* [Exercise prompt]
Reproduce exactly, and only, the lines below from the one containing "2 + 1 \<le> (K" through the one containing "l] unfolding p_def q_def by linarith".

Material shown below:

text \<open>For large \<open>l\<close> the two action probabilities are far apart in ratio, for bounded \<open>l\<close>
  in difference; either way the Bhattacharyya coefficient drops by a multiple of the probability of
  the wrong action.\<close>

lemma bhattacharyya_gap_large_llr:
  assumes \<sigma>: "\<sigma> > 0" and l: "1 \<le> l"
  shows "G \<sigma> 1 (-l) / 18 \<le> exp (-l / 2) * (1 - bhattacharyya (G \<sigma> 1 (-l)) (G \<sigma> (-1) (-l)))"
proof -
  define p where "p = G \<sigma> 1 (-l)"
  define q where "q = G \<sigma> (-1) (-l)"
  have pq: "0 < p" "p < 1" "0 < q" "q < 1" using G_bounds[OF \<sigma>] unfolding p_def q_def by auto
  have "exp (-l / 2) \<le> exp (- (1 / 2))" using l by simp
  also have "\<dots> \<le> 2 / 3"
    using exp_ge_add_one_self[of "1/2 :: real"] by (simp add: exp_minus field_simps)
  finally have small: "exp (-l / 2) \<le> 2 / 3" .
  have ratio: "p \<le> exp (-l) * q" unfolding p_def q_def by (rule G_plus_le_exp_G_minus[OF \<sigma>])
  have "sqrt p \<le> sqrt (exp (-l) * q)" using ratio by simp
  also have "\<dots> = exp (-l / 2) * sqrt q" by (simp add: real_sqrt_mult sqrt_exp)
  also have "\<dots> \<le> 2 / 3 * sqrt q" using small pq by (intro mult_right_mono) auto
  finally have "q / 18 \<le> 1 - bhattacharyya p q" using pq by (intro bhattacharyya_gap_sqrt_ratio) auto
  then have "exp (-l / 2) * (q / 18) \<le> exp (-l / 2) * (1 - bhattacharyya p q)"
    by (intro mult_left_mono) auto
  moreover have "exp (-l) * q \<le> exp (-l / 2) * q" using l pq by (intro mult_right_mono) auto
  moreover have "exp (-l / 2) * (q / 18) = exp (-l / 2) * q / 18" by simp
  ultimately show ?thesis using ratio unfolding p_def q_def by linarith
qed

lemma bhattacharyya_gap_bounded_llr:
  assumes \<sigma>: "\<sigma> > 0" and K: "0 \<le> K" "-K < l" and l: "l < 1"
  shows "(normal_density 0 \<sigma> ((K + 1) * \<sigma>\<^sup>2 / 2 + 1))\<^sup>2 / 4
    \<le> exp (-l / 2) * (1 - bhattacharyya (G \<sigma> 1 (-l)) (G \<sigma> (-1) (-l)))"
proof -
  define p where "p = G \<sigma> 1 (-l)"
  define q where "q = G \<sigma> (-1) (-l)"
  define \<delta> where "\<delta> = normal_density 0 \<sigma> ((K + 1) * \<sigma>\<^sup>2 / 2 + 1)"
  have pq: "0 < p" "p < 1" "0 < q" "q < 1" using G_bounds[OF \<sigma>] unfolding p_def q_def by auto
  have "\<bar>l\<bar> * \<sigma>\<^sup>2 / 2 + 1 \<le> (K + 1) * \<sigma>\<^sup>2 / 2 + 1"
    using l K by (simp add: mult_right_mono divide_right_mono)
  then have "\<delta> \<le> normal_density 0 \<sigma> (\<bar>l\<bar> * \<sigma>\<^sup>2 / 2 + 1)"
    unfolding \<delta>_def using \<sigma> by (intro normal_density_le_abs_mono) auto
  then have "2 * \<delta> \<le> q - p" using G_minus_minus_G_plus_ge[OF \<sigma>, of l] unfolding p_def q_def by linarith
  then have "(2 * \<delta>)\<^sup>2 \<le> (q - p)\<^sup>2" by (intro power_mono) (auto simp: \<delta>_def)
  moreover have "p \<le> q"
    using \<open>2 * \<delta> \<le> q - p\<close> normal_density_nonneg[of 0 \<sigma>] unfolding \<delta>_def by (smt (verit))
  then have "(q - p)\<^sup>2 / 8 \<le> 1 - bhattacharyya p q" using pq by (intro bhattacharyya_gap_diff) auto
  ultimately have gap: "\<delta>\<^sup>2 / 2 \<le> 1 - bhattacharyya p q" by (simp add: power_mult_distrib)
  have "1 / 2 \<le> exp (- (1 / 2) :: real)" using exp_half_le2 by (simp add: exp_minus field_simps)
  also have "\<dots> \<le> exp (-l / 2)" using l by simp
  finally have "1 / 2 * (\<delta>\<^sup>2 / 2) \<le> exp (-l / 2) * (1 - bhattacharyya p q)"
    using gap by (intro mult_mono) auto
  then show ?thesis unfolding p_def q_def \<delta>_def by simp
qed

lemma exp_half_bhattacharyya_le:
  assumes \<sigma>: "\<sigma> > 0" and K: "0 \<le> K" "-K < l"
  shows "exp (-l / 2) * bhattacharyya (G \<sigma> 1 (-l)) (G \<sigma> (-1) (-l)) + potential_drop \<sigma> K * G \<sigma> 1 (-l)
    \<le> exp (-l / 2)"
proof -
  have p: "0 < G \<sigma> 1 (-l)" "G \<sigma> 1 (-l) < 1" using G_bounds[OF \<sigma>] by auto
  have "potential_drop \<sigma> K * G \<sigma> 1 (-l)
      \<le> exp (-l / 2) * (1 - bhattacharyya (G \<sigma> 1 (-l)) (G \<sigma> (-1) (-l)))"
  proof (cases "1 \<le> l")
    case True
    have "potential_drop \<sigma> K * G \<sigma> 1 (-l) \<le> G \<sigma> 1 (-l) / 18"
      using p unfolding potential_drop_def by (simp add: mult_right_mono)
    with bhattacharyya_gap_large_llr[OF \<sigma> True] show ?thesis by linarith
  next
    case False
    have "potential_drop \<sigma> K * G \<sigma> 1 (-l) \<le> potential_drop \<sigma> K"
      using p potential_drop_pos[OF \<sigma>, of K] by (simp add: mult_left_le)
    also have "\<dots> \<le> (normal_density 0 \<sigma> ((K + 1) * \<sigma>\<^sup>2 / 2 + 1))\<^sup>2 / 4"
      unfolding potential_drop_def by simp
    finally show ?thesis using bhattacharyya_gap_bounded_llr[OF \<sigma> K] False by linarith
  qed
  then show ?thesis by (simp add: algebra_simps)
qed

lemma exp_half_D_plus_mult:
  assumes \<sigma>: "\<sigma> > 0"
  shows "exp (-(l + D_plus \<sigma> l) / 2) * (1 - G \<sigma> 1 (-l))
    = exp (-l / 2) * sqrt ((1 - G \<sigma> 1 (-l)) * (1 - G \<sigma> (-1) (-l)))"
proof -
  define p where "p = G \<sigma> 1 (-l)"
  define q where "q = G \<sigma> (-1) (-l)"
  have pq: "p < 1" "q < 1" using G_bounds[OF \<sigma>] unfolding p_def q_def by auto
  have "-(l + D_plus \<sigma> l) / 2 = -l / 2 + (-(ln ((1 - p) / (1 - q))) / 2)"
    unfolding D_plus_def p_def q_def by simp
  then have "exp (-(l + D_plus \<sigma> l) / 2) = exp (-l / 2) * exp (-(ln ((1 - p) / (1 - q))) / 2)"
    by (simp only: exp_add)
  then show ?thesis using exp_neg_half_ln_div_mult[of "1 - p" "1 - q"] pq unfolding p_def q_def by simp
qed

End of Material shown.

* [Response to this task]
  have "\<bar>l\<bar> * \<sigma>\<^sup>2 / 2 + 1 \<le> (K + 1) * \<sigma>\<^sup>2 / 2 + 1"
    using l K by (simp add: mult_right_mono divide_right_mono)
  then have "\<delta> \<le> normal_density 0 \<sigma> (\<bar>l\<bar> * \<sigma>\<^sup>2 / 2 + 1)"
    unfolding \<delta>_def using \<sigma> by (intro normal_density_le_abs_mono) auto
  then have "2 * \<delta> \<le> q - p" using G_minus_minus_G_plus_ge[OF \<sigma>, of l] unfolding p_def q_def by linarith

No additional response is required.